Records from a dataset
lemma card_unfixed_next_state_le:
  assumes "c \<in> set_pmf (choice_pmf K M s)" "i \<in> unfixed K s"
    and "card (fixed_on K s a) < fstar a"
  shows "real (card (unfixed K (next_state K fstar s c)))
           \<le> real (card (unfixed K s)) - indicator (lone_pick K s i a) c"
proof (cases "c \<in> lone_pick K s i a")
  case True
  then have "i \<notin> unfixed K (next_state K fstar s c)"
    using lone_pick_gets_fixed[where fstar = fstar, OF assms(1,2) True assms(3)] by (simp add: unfixed_def)
  with assms(2) have "unfixed K (next_state K fstar s c) \<subset> unfixed K s"
    using unfixed_next_state_subset by blast
  then have "card (unfixed K (next_state K fstar s c)) < card (unfixed K s)"
    by (intro psubset_card_mono) (simp add: unfixed_def)
  with True show ?thesis by simp
next
  case False
  have "card (unfixed K (next_state K fstar s c)) \<le> card (unfixed K s)"
    by (intro card_mono unfixed_next_state_subset) (simp add: unfixed_def)
  with False show ?thesis by simp
qed

lemma exists_channel_below_capacity:
  assumes "within_capacity K fstar s" "(\<Sum>m<M. fstar m) = K" "i \<in> unfixed K s"
  shows "\<exists>a<M. card (fixed_on K s a) < fstar a"
proof (rule ccontr)
  assume "\<not> ?thesis"
  then have "K \<le> (\<Sum>a<M. card (fixed_on K s a))"
    using assms(2) by (metis not_less sum_mono lessThan_iff)
  also have "\<dots> = card (\<Union>a<M. fixed_on K s a)"
    by (rule card_UN_disjoint[symmetric]) (auto simp: fixed_on_def)
  also have "\<dots> \<le> card ({0..<K} - {i})"
    using assms(3) by (intro card_mono) (auto simp: fixed_on_def unfixed_def)
  also have "\<dots> < K"
    using assms(3) by (simp add: unfixed_def)
  finally show False by simp
qed

lemma prob_lone_pick_ge:
  assumes "M > 0" "i \<in> unfixed K s" "a < M"
  shows "lone_pick_prob M K \<le> measure_pmf.prob (choice_pmf K M s) (lone_pick K s i a)"
proof -
  define g where "g = (\<lambda>(r::nat \<Rightarrow> nat) j. case s j of Some b \<Rightarrow> b | None \<Rightarrow> r j)"
  define B where "B = (\<lambda>j::nat. if j = i then {a} else - {a})"
  let ?P = "Pi_pmf {0..<K} (0::nat) (\<lambda>_. pmf_of_set {0..<M})"
  have i: "i < K" "s i = None"
    using assms(2) by (auto simp: unfixed_def)
  have prob_B: "measure_pmf.prob (pmf_of_set {0..<M}) (B j) =
      (if j = i then 1 / real M else (real M - 1) / real M)" for j
  proof -
    have "card ({0..<M} \<inter> - {a}) = M - 1"
      using assms(3) by (simp add: Diff_eq[symmetric] card_Diff_singleton)
    then show ?thesis
      using assms(1,3) by (simp add: B_def measure_pmf_of_set Int_absorb1 of_nat_diff)
  qed
  have "lone_pick_prob M K = (\<Prod>j\<in>{0..<K}. measure_pmf.prob (pmf_of_set {0..<M}) (B j))"
    using i by (simp add: prob_B prod.remove lone_pick_prob_def)
  also have "\<dots> = measure_pmf.prob ?P (Pi {0..<K} B)"
    by (rule measure_Pi_pmf_Pi[symmetric]) simp
  also have "\<dots> \<le> measure_pmf.prob ?P (g -` lone_pick K s i a)"
    using i by (intro measure_pmf.finite_measure_mono)
      (auto simp: B_def g_def lone_pick_def unfixed_def Pi_def)
  also have "\<dots> = measure_pmf.prob (choice_pmf K M s) (lone_pick K s i a)"
    unfolding choice_pmf_def g_def by simp
  finally show ?thesis .
qed

lemma expectation_le_diff_prob:
  fixes Q :: "'a pmf"
  assumes "finite (set_pmf Q)" "0 \<le> d" "p \<le> measure_pmf.prob Q A"
    and "\<And>x. x \<in> set_pmf Q \<Longrightarrow> f x \<le> b - d * indicator A x"
  shows "measure_pmf.expectation Q f \<le> b - d * p"
proof -
  have "measure_pmf.expectation Q f \<le> measure_pmf.expectation Q (\<lambda>x. b - d * indicator A x)"
    by (intro integral_mono_AE integrable_measure_pmf_finite AE_pmfI assms)
  also have "\<dots> = b - d * measure_pmf.prob Q A"
    by (subst Bochner_Integration.integral_diff) (simp_all add: integrable_measure_pmf_finite assms(1))
  also have "\<dots> \<le> b - d * p"
    using assms(2,3) by (simp add: mult_left_mono)
  finally show ?thesis .
qed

THE TASK: Take from the entries every line that has the string "thesis".

TASK ANSWER:
  with True show ?thesis by simp
  with False show ?thesis by simp
  assume "\<not> ?thesis"
    then show ?thesis
  finally show ?thesis .
  finally show ?thesis .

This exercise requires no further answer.